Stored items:
Content starts

lemma in_span_lincomb:
  assumes "finite S" "\<And>m. m \<in> S \<Longrightarrow> in_span n k V (w m)"
  shows "in_span n k V (\<lambda>i. \<Sum>m\<in>S. a m * w m i)"
proof -
  have "\<forall>m\<in>S. \<exists>d. \<forall>i<n. w m i = (\<Sum>j<k. d j * V j i)"
    using assms(2) unfolding in_span_def by blast
  from bchoice[OF this] obtain D where D: "\<forall>m\<in>S. \<forall>i<n. w m i = (\<Sum>j<k. D m j * V j i)"
    by blast
  have "\<forall>i<n. (\<Sum>m\<in>S. a m * w m i) = (\<Sum>j<k. (\<Sum>m\<in>S. a m * D m j) * V j i)"
  proof (intro allI impI)
    fix i assume "i < n"
    then have "(\<Sum>m\<in>S. a m * w m i) = (\<Sum>m\<in>S. \<Sum>j<k. a m * D m j * V j i)"
      using D by (simp add: sum_distrib_left mult.assoc)
    also have "\<dots> = (\<Sum>j<k. (\<Sum>m\<in>S. a m * D m j) * V j i)"
      by (subst sum.swap) (simp add: sum_distrib_right)
    finally show "(\<Sum>m\<in>S. a m * w m i) = (\<Sum>j<k. (\<Sum>m\<in>S. a m * D m j) * V j i)" .
  qed
  then show ?thesis
    unfolding in_span_def by (rule exI[of _ "\<lambda>j. \<Sum>m\<in>S. a m * D m j"])
qed

text \<open>\<open>M\<close> is the orthogonal factor of a QR decomposition of \<open>(V\<^sub>0 \<dots> V\<^sub>k\<^sub>-\<^sub>1)\<close>.\<close>

definition adapted_basis :: "nat \<Rightarrow> nat \<Rightarrow> (nat \<Rightarrow> nat \<Rightarrow> real) \<Rightarrow> (nat \<Rightarrow> nat \<Rightarrow> real) \<Rightarrow> bool" where
  "adapted_basis n k V M \<longleftrightarrow> orthogonal_mat n M \<and> (\<forall>m<k. in_span n k V (\<lambda>i. M i m))
     \<and> (\<forall>j<k. \<forall>m. k \<le> m \<and> m < n \<longrightarrow> mat_tvec n M (V j) m = 0)"
theorem corollary3p5:
  fixes B :: "'b topology" and X :: "'x topology" and p :: "'x \<Rightarrow> 'b" and s :: "'b \<Rightarrow> 'x"
  assumes "fibp_space B X p s"
    and "fib_LEC B X p"
    and "normal_space (fib_prod X p)"
  shows "TC_B B X p \<le> TCp_B B X p s \<and> TCp_B B X p s \<le> TC_B B X p + 1"
proof
  show "TC_B B X p \<le> TCp_B B X p s"
    unfolding TC_B_def TCp_B_def by (rule secat_B_le_secatp_B)
  have p: "continuous_map X B p" and s: "s ` topspace B \<subseteq> topspace X"
    and ps: "\<forall>b\<in>topspace B. p (s b) = b"
    using assms(1) by (auto simp: fibp_space_def continuous_map_image_subset_topspace)
  have diag_closed: "closedin (fib_prod X p) (diagonal ` topspace X)"
    using assms(2) by (simp add: fib_LEC_def closed_fib_cofibration_def)
  have sec_diag: "fib_prod_sec s ` topspace B \<subseteq> diagonal ` topspace X"
    using s by (auto simp: fib_prod_sec_def diagonal_def)
  obtain N \<sigma> where N: "openin (fib_prod X p) N" "diagonal ` topspace X \<subseteq> N"
    and \<sigma>: "fib_map (subtopology (fib_prod X p) N) (fib_prod_proj p) (fib_paths B X p) fib_paths_proj \<sigma>"
      "\<And>z. z \<in> N \<Longrightarrow> Pi_map (\<sigma> z) = z"
      "\<And>x. x \<in> topspace X \<Longrightarrow> \<sigma> (x, x) = (p x, restrict (\<lambda>t. x) {0..1})"
    by (rule fib_LEC_local_path_section[OF p assms(2)]) blast
  have "fibp_homotopy_section B (fib_paths B X p) fib_paths_proj (fib_paths_sec s)
      (fib_prod X p) (fib_prod_proj p) (fib_prod_sec s) Pi_map N"
    using \<sigma> s ps by (intro fibp_homotopy_section_of_section)
      (auto simp: fib_prod_sec_def fib_paths_sec_def)
  then show "TCp_B B X p s \<le> TC_B B X p + 1"
    unfolding TC_B_def TCp_B_def
    by (rule secatp_B_le_secat_B_plus_1[OF assms(3) diag_closed sec_diag N])
qed

end
lemma funpow_extend_paths:
  assumes "B \<subseteq> Omega_n n"
  shows "(extend_paths ^^ d) B \<subseteq> Omega_n (n + d) \<and> cyl (n + d) ((extend_paths ^^ d) B) = cyl n B
    \<and> mu_n (n + d) ((extend_paths ^^ d) B) = mu_n n B"
  using assms by (induction d) (auto simp: extend_paths_subset cyl_extend_paths mu_n_extend_paths)

lemma mu_n_cyl_eq:
  assumes B: "B \<subseteq> Omega_n n" and B': "B' \<subseteq> Omega_n m"
    and eq: "cyl n B = cyl m B'" and "n \<le> m"
  shows "mu_n n B = mu_n m B'"
proof -
  obtain d where m: "m = n + d"
    using \<open>n \<le> m\<close> le_Suc_ex by blast
  let ?E = "(extend_paths ^^ d) B"
  have E: "?E \<subseteq> Omega_n m" "cyl m ?E = cyl n B" "mu_n m ?E = mu_n n B"
    using funpow_extend_paths[OF B, of d] m by auto
  have "B' = ?E"
    using prefix_of_image_cyl[OF B'] prefix_of_image_cyl[OF E(1)] E(2) eq by simp
  with E(3) show ?thesis
    by simp
qed

lemma mu_cyl:
  assumes B: "B \<subseteq> Omega_n n"
  shows "mu (cyl n B) = mu_n n B"
  unfolding mu_def
proof (rule the_equality)
  show "\<exists>n' B'. B' \<subseteq> Omega_n n' \<and> cyl n B = cyl n' B' \<and> mu_n n B = mu_n n' B'"
    using B by blast
next
  fix x
  assume "\<exists>n' B'. B' \<subseteq> Omega_n n' \<and> cyl n B = cyl n' B' \<and> x = mu_n n' B'"
  then obtain n' B' where B': "B' \<subseteq> Omega_n n'" "cyl n B = cyl n' B'" "x = mu_n n' B'"
    by blast
  show "x = mu_n n B"
    using mu_n_cyl_eq[OF B B'(1,2)] mu_n_cyl_eq[OF B'(1) B B'(2)[symmetric]] B'(3)
    by (cases "n \<le> n'") auto
qed

lemma mu_up: "A \<subseteq> Omega \<Longrightarrow> mu (up n A) = mu_n n (prefix_of n ` A)"
  using mu_cyl[of "prefix_of n ` A" n] prefix_of_in_Omega_n by (auto simp: up_eq_cyl)

subsection \<open>Lower sets\<close>

lemma up_antimono: "m \<le> n \<Longrightarrow> up n A \<subseteq> up m A"
  unfolding up_def by auto

lemma up_Un: "up n (A \<union> B) = up n A \<union> up n B"
  unfolding up_def by auto

lemma subset_up: "A \<subseteq> Omega \<Longrightarrow> A \<subseteq> up n A"
  unfolding up_def by auto

lemma Lower_iff: "A \<in> Lower \<longleftrightarrow> A \<subseteq> Omega \<and> (\<forall>w. (\<forall>n. w \<in> up n A) \<longrightarrow> w \<in> A)"
  unfolding Lower_def using subset_up[of A] by blast

lemma Un_in_Lower:
  assumes A: "A \<in> Lower" and B: "B \<in> Lower"
  shows "A \<union> B \<in> Lower"
proof -
  have "w \<in> A \<union> B" if w: "\<forall>n. w \<in> up n (A \<union> B)" for w
  proof (rule ccontr)
    assume "w \<notin> A \<union> B"
    then obtain i j where "w \<notin> up i A" "w \<notin> up j B"
      using A B unfolding Lower_iff by blast
    then have "w \<notin> up (max i j) A \<union> up (max i j) B"
      using up_antimono[of i "max i j" A] up_antimono[of j "max i j" B] by auto
    with w show False
      by (simp add: up_Un)
  qed
  then show ?thesis
    using A B by (simp add: Lower_iff)
qed

lemma up_cyl: "B \<subseteq> Omega_n n \<Longrightarrow> n \<le> m \<Longrightarrow> up m (cyl n B) = cyl n B"
  unfolding up_def cyl_def by auto (metis prefix_of_eq_iff le_trans)

lemma cyl_in_Lower: "B \<subseteq> Omega_n n \<Longrightarrow> cyl n B \<in> Lower"
  using up_cyl[of B n] up_antimono[of n _ "cyl n B"]
  by (auto simp: Lower_iff cyl_def)

definition path_topology :: "(nat \<Rightarrow> nat) topology" where
  "path_topology = product_topology (\<lambda>k. discrete_topology (if k = 0 then {0} else {0, 1})) UNIV"

lemma topspace_path_topology: "topspace path_topology = Omega"
proof -
  have "w \<in> Omega \<longleftrightarrow> (\<forall>k. w k \<in> (if k = 0 then {0} else {0, 1}))" for w :: "nat \<Rightarrow> nat"
  proof
    assume w: "\<forall>k. w k \<in> (if k = 0 then {0} else {0, 1})"
    then have "w 0 = 0"
      using spec[OF w, of 0] by simp
    moreover have "w k \<in> {0, 1}" for k
      using spec[OF w, of k] by (simp split: if_splits)
    ultimately show "w \<in> Omega"
      by (simp add: Omega_def)
  qed (auto simp: Omega_def)
  then show ?thesis
    by (auto simp: path_topology_def PiE_iff)
qed

lemma compact_space_path_topology: "compact_space path_topology"
  unfolding path_topology_def compact_space_product_topology
  by (simp add: compact_space_discrete_topology)

lemma closedin_coordinate: "closedin path_topology {w \<in> Omega. w k = c}"
proof -
  define F where "F = (if k = 0 then {0} else {0, 1::nat})"
  have "continuous_map path_topology (discrete_topology F) (\<lambda>w. w k)"
    unfolding path_topology_def F_def by (rule continuous_map_product_projection) simp
  then have "closedin path_topology {w \<in> Omega. w k \<in> {c} \<inter> F}"
    using closedin_continuous_map_preimage[of path_topology _ "\<lambda>w. w k" "{c} \<inter> F"]
    by (simp add: topspace_path_topology)
  moreover have "w k \<in> F" if "w \<in> Omega" for w
    using that by (auto simp: Omega_def F_def)
  then have "{w \<in> Omega. w k \<in> {c} \<inter> F} = {w \<in> Omega. w k = c}"
    by blast
  ultimately show ?thesis
    by simp
qed

lemma closedin_cyl: "closedin path_topology (cyl n B)"
proof -
  have "cyl n B = (\<Union>p \<in> B \<inter> Omega_n n. \<Inter>k\<le>n. {w \<in> Omega. w k = p ! k})"
  proof (intro equalityI subsetI)
    fix w
    assume "w \<in> cyl n B"
    then show "w \<in> (\<Union>p \<in> B \<inter> Omega_n n. \<Inter>k\<le>n. {w \<in> Omega. w k = p ! k})"
      by (auto simp: cyl_def prefix_of_in_Omega_n nth_prefix_of intro!: bexI[of _ "prefix_of n w"])
  next
    fix w
    assume "w \<in> (\<Union>p \<in> B \<inter> Omega_n n. \<Inter>k\<le>n. {w \<in> Omega. w k = p ! k})"
    then obtain p where p: "p \<in> B" "length p = Suc n" "w \<in> Omega" "\<forall>k\<le>n. w k = p ! k"
      by (auto simp: Omega_n_def)
    have "prefix_of n w = p"
      by (rule nth_equalityI) (use p in \<open>auto simp: nth_prefix_of\<close>)
    with p show "w \<in> cyl n B"
      by (simp add: cyl_def)
  qed
  also have "closedin path_topology \<dots>"
    by (intro closedin_Union closedin_Inter) (auto simp: finite_Omega_n closedin_coordinate)
  finally show ?thesis .
qed

lemma eventually_disjoint_prefixes:
  assumes A: "A \<in> Lower" and B: "B \<in> Lower" and "A \<inter> B = {}"
  shows "eventually (\<lambda>n. prefix_of n ` A \<inter> prefix_of n ` B = {}) sequentially"
proof -
  define C where "C n = up n A \<inter> up n B" for n
  have "(\<Inter>n. C n) = A \<inter> B"
    using A B subset_up by (auto simp: C_def Lower_iff)
  moreover have "closedin path_topology (C n)" for n
    unfolding C_def up_eq_cyl by (intro closedin_Int closedin_cyl)
  moreover have "decseq C"
    unfolding decseq_def C_def using up_antimono by blast
  ultimately obtain N where "C N = {}"
    using compact_space_imp_nest[OF compact_space_path_topology] \<open>A \<inter> B = {}\<close> by metis
  have "prefix_of n ` A \<inter> prefix_of n ` B = {}" if "N \<le> n" for n
  proof -
    have "C n = {}"
      using \<open>decseq C\<close> \<open>C N = {}\<close> that by (auto simp: decseq_def)
    moreover have "a \<in> C n" if "a \<in> A" "b \<in> B" "prefix_of n a = prefix_of n b" for a b
      using that A B unfolding C_def up_def Lower_iff prefix_of_eq_iff by blast
    ultimately show ?thesis
      by blast
  qed
  then show ?thesis
    by (auto simp: eventually_sequentially)
qed

subsection \<open>The extension \<open>mu_hat\<close>\<close>

lemma mu_up_nonneg: "A \<subseteq> Omega \<Longrightarrow> 0 \<le> mu (up n A)"
  using finite_subset[OF _ finite_Omega_n, of "prefix_of n ` A" n] prefix_of_in_Omega_n
  by (auto simp: mu_up intro!: mu_n_nonneg)

lemma Beneficial_tendsto_mu_hat: "A \<in> Beneficial \<Longrightarrow> (\<lambda>n. mu (up n A)) \<longlonglongrightarrow> mu_hat A"
  unfolding Beneficial_def mu_hat_def by (simp add: convergent_LIMSEQ_iff)

lemma Cyl_subset_Lower: "Cyl \<subseteq> Lower"
  by (auto simp: Cyl_def cyl_in_Lower)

Content ends

▶ YOUR OBJECTIVE
Scan the entries above. Copy each line that has the string "with".

▶ RESPONSE
  with E(3) show ?thesis
    with w show False
    with p show "w \<in> cyl n B"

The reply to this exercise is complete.